Saturday, December 01, 2007

Japanese marriage: structural reform for happiness


My friend April sent me this link to the Washington Post article on Japanese husbands signing up for classes on how to be nice to their wives, with a verdict: "depressing." The article goes on to explain that because of new legislation mandating that divorced spoused were entitled to 50% of any expected pension of the wage-earning spouse, Japanese wives were suddenly thinking that perhaps they didn't need to put up with husbands who had been so absent from their family lives that they were dependent strangers upon retirement.

I suppose it's depressing in a way that legislation like this should have triggered a 6.1 increase in divorce since going into effect in April of this year, since it speaks to an underlying unhappiness in the home. Even before the legislation, wives had taken to calling their husbands "bulk trash" because they hung around the house with nothing to do after retirement and got in their wives' way.

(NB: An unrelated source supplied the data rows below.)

lemma Bbar_Suc_eq_sum_Fset:
  assumes p: "stochastic N p" and j: "j \<in> {1..N}" and lam: "0 \<le> lam" "lam \<le> 1"
  shows "i \<in> {1..N} \<Longrightarrow> k \<in> {-1,1} \<Longrightarrow> Bbar N Kw p (Suc d) k lam z i j
    = (\<Sum>w\<in>Fset N i j k (Suc d). z powr (klen Kw w) * hitR N p (unit_arrow i) w lam)"
proof (induction d arbitrary: i k)
  case 0
  have "Bbar N Kw p (Suc 0) k lam z i j = Bmat N Kw p k lam z i j"
    using j by (simp add: matmul_def matid_def if_distrib[of "\<lambda>x. _ * x"] sum.delta' cong: if_cong)
  then show ?case
    using Fset_one[OF 0(1) j 0(2)] by (simp add: Bmat_def klen_def hitR_def Rgen_def gen_arrow_def)
next
  case (Suc d)
  have "Bbar N Kw p (Suc (Suc d)) k lam z i j
      = (\<Sum>l\<in>{1..N} - {i}. Bmat N Kw p k lam z i l * Bbar N Kw p (Suc d) (- k) lam z l j)"
    unfolding Bbar.simps(2)[of N Kw p "Suc d"] matmul_def
    using Suc.prems(1) by (simp add: sum.remove Bmat_def del: Bbar.simps)
  also have "\<dots> = (\<Sum>l\<in>{1..N} - {i}. \<Sum>v\<in>Fset N l j (- k) (Suc d).
      z powr (klen Kw (i, (l,k) # snd v)) * hitR N p (unit_arrow i) (i, (l,k) # snd v) lam)"
  proof (rule sum.cong[OF refl])
    fix l assume l: "l \<in> {1..N} - {i}"
    have "- k \<in> {-1,1}" using Suc.prems(2) by auto
    with l show "Bmat N Kw p k lam z i l * Bbar N Kw p (Suc d) (- k) lam z l j
        = (\<Sum>v\<in>Fset N l j (- k) (Suc d).
            z powr (klen Kw (i, (l,k) # snd v)) * hitR N p (unit_arrow i) (i, (l,k) # snd v) lam)"
      using Suc.IH[of l "- k"] Bmat_mul_weighted_hitR[OF p Suc.prems l _ lam]
      by (simp add: sum_distrib_left del: Bbar.simps)
  qed
  also have "\<dots> = (\<Sum>w\<in>Fset N i j k (Suc (Suc d)). z powr (klen Kw w) * hitR N p (unit_arrow i) w lam)"
    by (rule sum_Fset_Suc_Suc[OF Suc.prems, symmetric])
  finally show ?case .
qed

theorem lemma6p3:
  fixes N :: nat and p Kw :: "nat \<Rightarrow> nat \<Rightarrow> int \<Rightarrow> real"
    and d i j :: nat and k :: int and lam z :: real
  assumes N3: "N \<ge> 3"
    and p_pos: "\<And>a b s. a \<in> {1..N} \<Longrightarrow> b \<in> {1..N} \<Longrightarrow> a \<noteq> b \<Longrightarrow> s \<in> {-1,1} \<Longrightarrow>
                   0 < p a b s \<and> p a b s < 1"
    and p_sum: "\<And>a. a \<in> {1..N} \<Longrightarrow> (\<Sum>b\<in>{1..N} - {a}. \<Sum>s\<in>{-1,1::int}. p a b s) = 1"
    and K_nonneg: "\<And>a b s. a \<in> {1..N} \<Longrightarrow> b \<in> {1..N} \<Longrightarrow> a \<noteq> b \<Longrightarrow> s \<in> {-1,1} \<Longrightarrow>
                   0 \<le> Kw a b s"
    and d: "d \<ge> 1" and k: "k \<in> {-1,1}"
    and ij: "i \<in> {1..N}" "j \<in> {1..N}"
    and lam: "0 \<le> lam" "lam \<le> 1"
    and z: "0 < z" "z \<le> 1"
  shows "Bbar N Kw p d k lam z i j
           = (\<Sum>w\<in>Fset N i j k d. z powr (klen Kw w) * hitR N p (unit_arrow i) w lam)"
proof -
  have "stochastic N p"
    using p_pos p_sum by (auto simp: stochastic_def less_imp_le)
  moreover obtain d' where "d = Suc d'"
    using d by (cases d) auto
  ultimately show ?thesis
    using Bbar_Suc_eq_sum_Fset[OF _ ij(2) lam] ij(1) k by simp
qed

end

But from my point of view, since I've been keenly aware of the unhappiness rife in so many Japanese marriages, the spike in divorces, and the corresponding rush of husbands to classes to teach them how to be nice to their wives to avoid divorce, is evidence of structural reform triggered by the right legislation. And unlike most of the structural reform efforts I observed and participated in developing at the World Bank, this one may actually increase happiness--which I'm beginning to think should be the objective and measure of all development. Easy enough to toss out in an irresponsible blog post, perhaps--but worth thinking about ...

BTW I highly recommend watching the video of the National Chauvinistic Assn at the WaPo.